◆ Stored items ◆
::::::::
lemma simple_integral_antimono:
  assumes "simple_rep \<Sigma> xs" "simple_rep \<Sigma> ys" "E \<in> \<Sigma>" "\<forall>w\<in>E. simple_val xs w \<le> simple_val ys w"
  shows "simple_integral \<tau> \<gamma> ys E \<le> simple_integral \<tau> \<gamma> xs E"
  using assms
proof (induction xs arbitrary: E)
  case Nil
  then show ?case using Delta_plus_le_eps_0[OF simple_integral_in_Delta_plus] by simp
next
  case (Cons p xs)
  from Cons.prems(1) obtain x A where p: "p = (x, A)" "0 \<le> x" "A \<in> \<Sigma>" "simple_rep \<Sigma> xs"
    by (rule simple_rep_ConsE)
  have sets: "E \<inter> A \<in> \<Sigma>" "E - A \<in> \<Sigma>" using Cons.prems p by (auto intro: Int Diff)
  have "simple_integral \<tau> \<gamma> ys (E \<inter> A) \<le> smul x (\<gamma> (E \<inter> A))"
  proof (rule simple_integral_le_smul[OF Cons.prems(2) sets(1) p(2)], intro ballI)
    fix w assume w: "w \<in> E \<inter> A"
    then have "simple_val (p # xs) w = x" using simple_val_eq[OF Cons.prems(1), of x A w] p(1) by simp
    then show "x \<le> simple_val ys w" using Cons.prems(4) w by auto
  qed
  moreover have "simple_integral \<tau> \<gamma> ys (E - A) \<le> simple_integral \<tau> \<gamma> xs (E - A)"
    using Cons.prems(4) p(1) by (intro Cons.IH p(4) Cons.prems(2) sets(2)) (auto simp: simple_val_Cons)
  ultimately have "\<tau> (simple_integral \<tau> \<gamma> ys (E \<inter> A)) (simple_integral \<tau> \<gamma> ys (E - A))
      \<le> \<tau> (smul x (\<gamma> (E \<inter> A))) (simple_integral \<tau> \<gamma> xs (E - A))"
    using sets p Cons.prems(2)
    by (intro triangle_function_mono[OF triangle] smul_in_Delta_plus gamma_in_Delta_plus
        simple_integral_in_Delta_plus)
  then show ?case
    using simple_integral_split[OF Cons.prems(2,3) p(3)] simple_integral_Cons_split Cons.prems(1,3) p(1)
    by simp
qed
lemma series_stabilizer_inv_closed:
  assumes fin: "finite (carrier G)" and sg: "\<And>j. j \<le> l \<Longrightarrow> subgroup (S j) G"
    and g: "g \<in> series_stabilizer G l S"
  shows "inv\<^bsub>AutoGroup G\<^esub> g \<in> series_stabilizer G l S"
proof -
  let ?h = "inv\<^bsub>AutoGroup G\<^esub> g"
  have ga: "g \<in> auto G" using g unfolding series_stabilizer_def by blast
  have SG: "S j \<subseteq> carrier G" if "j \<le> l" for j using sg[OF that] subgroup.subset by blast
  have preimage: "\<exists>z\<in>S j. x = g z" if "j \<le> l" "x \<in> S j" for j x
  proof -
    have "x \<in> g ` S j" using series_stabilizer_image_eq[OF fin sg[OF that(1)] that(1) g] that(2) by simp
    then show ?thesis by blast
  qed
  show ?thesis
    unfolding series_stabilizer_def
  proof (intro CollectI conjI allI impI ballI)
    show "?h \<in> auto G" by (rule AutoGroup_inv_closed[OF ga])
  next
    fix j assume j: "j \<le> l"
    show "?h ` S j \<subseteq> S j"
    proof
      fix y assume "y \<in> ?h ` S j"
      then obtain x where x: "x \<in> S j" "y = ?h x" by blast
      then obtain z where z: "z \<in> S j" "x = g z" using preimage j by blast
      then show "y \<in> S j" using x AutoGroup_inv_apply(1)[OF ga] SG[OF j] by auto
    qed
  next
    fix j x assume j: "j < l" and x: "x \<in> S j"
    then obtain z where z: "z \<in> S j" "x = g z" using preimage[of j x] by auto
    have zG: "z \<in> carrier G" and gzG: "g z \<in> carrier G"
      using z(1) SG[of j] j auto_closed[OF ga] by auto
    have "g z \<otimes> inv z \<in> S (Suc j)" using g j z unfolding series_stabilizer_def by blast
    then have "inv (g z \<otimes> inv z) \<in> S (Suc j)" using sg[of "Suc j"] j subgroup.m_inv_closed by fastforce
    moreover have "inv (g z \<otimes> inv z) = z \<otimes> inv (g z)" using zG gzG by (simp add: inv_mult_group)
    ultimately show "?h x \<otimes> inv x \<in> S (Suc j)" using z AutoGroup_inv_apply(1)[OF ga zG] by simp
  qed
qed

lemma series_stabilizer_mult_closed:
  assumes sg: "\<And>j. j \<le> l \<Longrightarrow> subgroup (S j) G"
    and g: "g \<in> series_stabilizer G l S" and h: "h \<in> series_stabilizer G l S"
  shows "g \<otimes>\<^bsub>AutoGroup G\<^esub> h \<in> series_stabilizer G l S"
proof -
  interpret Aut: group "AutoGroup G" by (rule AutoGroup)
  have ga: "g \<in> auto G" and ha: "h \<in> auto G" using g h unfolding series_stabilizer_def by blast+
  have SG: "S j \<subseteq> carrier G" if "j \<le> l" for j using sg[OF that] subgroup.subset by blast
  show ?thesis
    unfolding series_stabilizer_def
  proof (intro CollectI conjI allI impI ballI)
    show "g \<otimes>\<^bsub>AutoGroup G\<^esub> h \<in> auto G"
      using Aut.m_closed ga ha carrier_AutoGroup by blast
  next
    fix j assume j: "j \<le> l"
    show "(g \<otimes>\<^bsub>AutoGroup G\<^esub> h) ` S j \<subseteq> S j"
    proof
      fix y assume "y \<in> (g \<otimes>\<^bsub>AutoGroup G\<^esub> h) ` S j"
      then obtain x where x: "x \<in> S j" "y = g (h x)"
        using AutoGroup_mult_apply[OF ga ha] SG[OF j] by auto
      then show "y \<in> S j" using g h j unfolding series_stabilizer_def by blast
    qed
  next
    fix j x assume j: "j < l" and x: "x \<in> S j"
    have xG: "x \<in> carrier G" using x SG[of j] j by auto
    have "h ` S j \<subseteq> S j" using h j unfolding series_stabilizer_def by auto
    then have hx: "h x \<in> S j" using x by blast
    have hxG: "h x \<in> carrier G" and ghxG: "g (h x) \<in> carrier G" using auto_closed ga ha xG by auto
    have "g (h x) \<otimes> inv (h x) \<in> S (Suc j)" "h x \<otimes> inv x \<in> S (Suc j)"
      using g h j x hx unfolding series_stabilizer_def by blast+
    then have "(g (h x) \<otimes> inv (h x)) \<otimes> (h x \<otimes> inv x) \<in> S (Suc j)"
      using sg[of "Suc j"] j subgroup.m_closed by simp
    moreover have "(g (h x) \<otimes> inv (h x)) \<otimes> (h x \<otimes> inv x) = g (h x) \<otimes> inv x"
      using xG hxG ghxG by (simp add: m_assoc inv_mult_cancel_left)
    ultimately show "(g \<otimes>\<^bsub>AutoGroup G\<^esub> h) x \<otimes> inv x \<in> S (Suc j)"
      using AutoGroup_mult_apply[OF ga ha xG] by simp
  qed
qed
::::::::
◆ WHAT YOU SHOULD DO ◆
Every record must be returned exactly.

◆ SOLUTION ◆
lemma simple_integral_antimono:
  assumes "simple_rep \<Sigma> xs" "simple_rep \<Sigma> ys" "E \<in> \<Sigma>" "\<forall>w\<in>E. simple_val xs w \<le> simple_val ys w"
  shows "simple_integral \<tau> \<gamma> ys E \<le> simple_integral \<tau> \<gamma> xs E"
  using assms
proof (induction xs arbitrary: E)
  case Nil
  then show ?case using Delta_plus_le_eps_0[OF simple_integral_in_Delta_plus] by simp
next
  case (Cons p xs)
  from Cons.prems(1) obtain x A where p: "p = (x, A)" "0 \<le> x" "A \<in> \<Sigma>" "simple_rep \<Sigma> xs"
    by (rule simple_rep_ConsE)
  have sets: "E \<inter> A \<in> \<Sigma>" "E - A \<in> \<Sigma>" using Cons.prems p by (auto intro: Int Diff)
  have "simple_integral \<tau> \<gamma> ys (E \<inter> A) \<le> smul x (\<gamma> (E \<inter> A))"
  proof (rule simple_integral_le_smul[OF Cons.prems(2) sets(1) p(2)], intro ballI)
    fix w assume w: "w \<in> E \<inter> A"
    then have "simple_val (p # xs) w = x" using simple_val_eq[OF Cons.prems(1), of x A w] p(1) by simp
    then show "x \<le> simple_val ys w" using Cons.prems(4) w by auto
  qed
  moreover have "simple_integral \<tau> \<gamma> ys (E - A) \<le> simple_integral \<tau> \<gamma> xs (E - A)"
    using Cons.prems(4) p(1) by (intro Cons.IH p(4) Cons.prems(2) sets(2)) (auto simp: simple_val_Cons)
  ultimately have "\<tau> (simple_integral \<tau> \<gamma> ys (E \<inter> A)) (simple_integral \<tau> \<gamma> ys (E - A))
      \<le> \<tau> (smul x (\<gamma> (E \<inter> A))) (simple_integral \<tau> \<gamma> xs (E - A))"
    using sets p Cons.prems(2)
    by (intro triangle_function_mono[OF triangle] smul_in_Delta_plus gamma_in_Delta_plus
        simple_integral_in_Delta_plus)
  then show ?case
    using simple_integral_split[OF Cons.prems(2,3) p(3)] simple_integral_Cons_split Cons.prems(1,3) p(1)
    by simp
qed
lemma series_stabilizer_inv_closed:
  assumes fin: "finite (carrier G)" and sg: "\<And>j. j \<le> l \<Longrightarrow> subgroup (S j) G"
    and g: "g \<in> series_stabilizer G l S"
  shows "inv\<^bsub>AutoGroup G\<^esub> g \<in> series_stabilizer G l S"
proof -
  let ?h = "inv\<^bsub>AutoGroup G\<^esub> g"
  have ga: "g \<in> auto G" using g unfolding series_stabilizer_def by blast
  have SG: "S j \<subseteq> carrier G" if "j \<le> l" for j using sg[OF that] subgroup.subset by blast
  have preimage: "\<exists>z\<in>S j. x = g z" if "j \<le> l" "x \<in> S j" for j x
  proof -
    have "x \<in> g ` S j" using series_stabilizer_image_eq[OF fin sg[OF that(1)] that(1) g] that(2) by simp
    then show ?thesis by blast
  qed
  show ?thesis
    unfolding series_stabilizer_def
  proof (intro CollectI conjI allI impI ballI)
    show "?h \<in> auto G" by (rule AutoGroup_inv_closed[OF ga])
  next
    fix j assume j: "j \<le> l"
    show "?h ` S j \<subseteq> S j"
    proof
      fix y assume "y \<in> ?h ` S j"
      then obtain x where x: "x \<in> S j" "y = ?h x" by blast
      then obtain z where z: "z \<in> S j" "x = g z" using preimage j by blast
      then show "y \<in> S j" using x AutoGroup_inv_apply(1)[OF ga] SG[OF j] by auto
    qed
  next
    fix j x assume j: "j < l" and x: "x \<in> S j"
    then obtain z where z: "z \<in> S j" "x = g z" using preimage[of j x] by auto
    have zG: "z \<in> carrier G" and gzG: "g z \<in> carrier G"
      using z(1) SG[of j] j auto_closed[OF ga] by auto
    have "g z \<otimes> inv z \<in> S (Suc j)" using g j z unfolding series_stabilizer_def by blast
    then have "inv (g z \<otimes> inv z) \<in> S (Suc j)" using sg[of "Suc j"] j subgroup.m_inv_closed by fastforce
    moreover have "inv (g z \<otimes> inv z) = z \<otimes> inv (g z)" using zG gzG by (simp add: inv_mult_group)
    ultimately show "?h x \<otimes> inv x \<in> S (Suc j)" using z AutoGroup_inv_apply(1)[OF ga zG] by simp
  qed
qed

lemma series_stabilizer_mult_closed:
  assumes sg: "\<And>j. j \<le> l \<Longrightarrow> subgroup (S j) G"
    and g: "g \<in> series_stabilizer G l S" and h: "h \<in> series_stabilizer G l S"
  shows "g \<otimes>\<^bsub>AutoGroup G\<^esub> h \<in> series_stabilizer G l S"
proof -
  interpret Aut: group "AutoGroup G" by (rule AutoGroup)
  have ga: "g \<in> auto G" and ha: "h \<in> auto G" using g h unfolding series_stabilizer_def by blast+
  have SG: "S j \<subseteq> carrier G" if "j \<le> l" for j using sg[OF that] subgroup.subset by blast
  show ?thesis
    unfolding series_stabilizer_def
  proof (intro CollectI conjI allI impI ballI)
    show "g \<otimes>\<^bsub>AutoGroup G\<^esub> h \<in> auto G"
      using Aut.m_closed ga ha carrier_AutoGroup by blast
  next
    fix j assume j: "j \<le> l"
    show "(g \<otimes>\<^bsub>AutoGroup G\<^esub> h) ` S j \<subseteq> S j"
    proof
      fix y assume "y \<in> (g \<otimes>\<^bsub>AutoGroup G\<^esub> h) ` S j"
      then obtain x where x: "x \<in> S j" "y = g (h x)"
        using AutoGroup_mult_apply[OF ga ha] SG[OF j] by auto
      then show "y \<in> S j" using g h j unfolding series_stabilizer_def by blast
    qed
  next
    fix j x assume j: "j < l" and x: "x \<in> S j"
    have xG: "x \<in> carrier G" using x SG[of j] j by auto
    have "h ` S j \<subseteq> S j" using h j unfolding series_stabilizer_def by auto
    then have hx: "h x \<in> S j" using x by blast
    have hxG: "h x \<in> carrier G" and ghxG: "g (h x) \<in> carrier G" using auto_closed ga ha xG by auto
    have "g (h x) \<otimes> inv (h x) \<in> S (Suc j)" "h x \<otimes> inv x \<in> S (Suc j)"
      using g h j x hx unfolding series_stabilizer_def by blast+
    then have "(g (h x) \<otimes> inv (h x)) \<otimes> (h x \<otimes> inv x) \<in> S (Suc j)"
      using sg[of "Suc j"] j subgroup.m_closed by simp
    moreover have "(g (h x) \<otimes> inv (h x)) \<otimes> (h x \<otimes> inv x) = g (h x) \<otimes> inv x"
      using xG hxG ghxG by (simp add: m_assoc inv_mult_cancel_left)
    ultimately show "(g \<otimes>\<^bsub>AutoGroup G\<^esub> h) x \<otimes> inv x \<in> S (Suc j)"
      using AutoGroup_mult_apply[OF ga ha xG] by simp
  qed
qed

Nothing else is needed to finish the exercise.